(* Let $W=(W_1,\dots,W_d)$ be a $d$-dimensional standard Wiener process, $t>0$ and $c\ge0$. Then $$E\Big[\exp\Big(c\sum_{i=1}^d\int_0^t\Big|\int_0^s\frac{1}{t-r}\,dW_i(r)\Big|\,ds\Big)\Big]\le\Big(e^{2c^2t}+2c\sqrt{2\pi t}\,e^{4c^2t}\Big)^{d/2}<\infty.$$ *)

theory Defs
  imports "HOL-Probability.Probability"
begin

definition wiener_process :: "'a measure \<Rightarrow> nat \<Rightarrow> (nat \<Rightarrow> real \<Rightarrow> 'a \<Rightarrow> real) \<Rightarrow> bool" where
  "wiener_process M d W \<longleftrightarrow>
     prob_space M \<and>
     (\<forall>i<d. \<forall>t\<ge>0. W i t \<in> borel_measurable M) \<and>
     (\<forall>i<d. \<forall>\<omega>\<in>space M. W i 0 \<omega> = 0 \<and> continuous_on {0..} (\<lambda>t. W i t \<omega>)) \<and>
     (\<forall>(n::nat) (ts::nat \<Rightarrow> real). 0 \<le> ts 0 \<longrightarrow> (\<forall>k<n. ts k < ts (Suc k)) \<longrightarrow>
        prob_space.indep_vars M (\<lambda>_. borel)
          (\<lambda>(i, k) \<omega>. W i (ts (Suc k)) \<omega> - W i (ts k) \<omega>) ({..<d} \<times> {..<n}) \<and>
        (\<forall>i<d. \<forall>k<n. distributed M lborel (\<lambda>\<omega>. W i (ts (Suc k)) \<omega> - W i (ts k) \<omega>)
            (\<lambda>x. ennreal (normal_density 0 (sqrt (ts (Suc k) - ts k)) x))))"

text \<open>Wiener (Paley-Wiener-Zygmund) integral of a deterministic C^1 integrand f against a
real path B, defined pathwise by integration by parts:
  int_0^s f(r) dB(r) = f(s) B(s) - int_0^s f'(r) B(r) dr   (B(0) = 0).
For a standard Wiener process it agrees a.s. with the Ito integral.\<close>
definition wiener_integral :: "(real \<Rightarrow> real) \<Rightarrow> (real \<Rightarrow> 'a \<Rightarrow> real) \<Rightarrow> real \<Rightarrow> 'a \<Rightarrow> real" where
  "wiener_integral f B s \<omega> = f s * B s \<omega> - integral {0..s} (\<lambda>r. deriv f r * B r \<omega>)"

_WHAT THIS TASK INVOLVES_
Copy each line, exactly, that falls between the line containing "(\<lambda>x. ennreal (normal_density" and the end of the entries, both included.

_WRITTEN ANSWER_
            (\<lambda>x. ennreal (normal_density 0 (sqrt (ts (Suc k) - ts k)) x))))"

text \<open>Wiener (Paley-Wiener-Zygmund) integral of a deterministic C^1 integrand f against a
real path B, defined pathwise by integration by parts:
  int_0^s f(r) dB(r) = f(s) B(s) - int_0^s f'(r) B(r) dr   (B(0) = 0).
For a standard Wiener process it agrees a.s. with the Ito integral.\<close>
definition wiener_integral :: "(real \<Rightarrow> real) \<Rightarrow> (real \<Rightarrow> 'a \<Rightarrow> real) \<Rightarrow> real \<Rightarrow> 'a \<Rightarrow> real" where
  "wiener_integral f B s \<omega> = f s * B s \<omega> - integral {0..s} (\<lambda>r. deriv f r * B r \<omega>)"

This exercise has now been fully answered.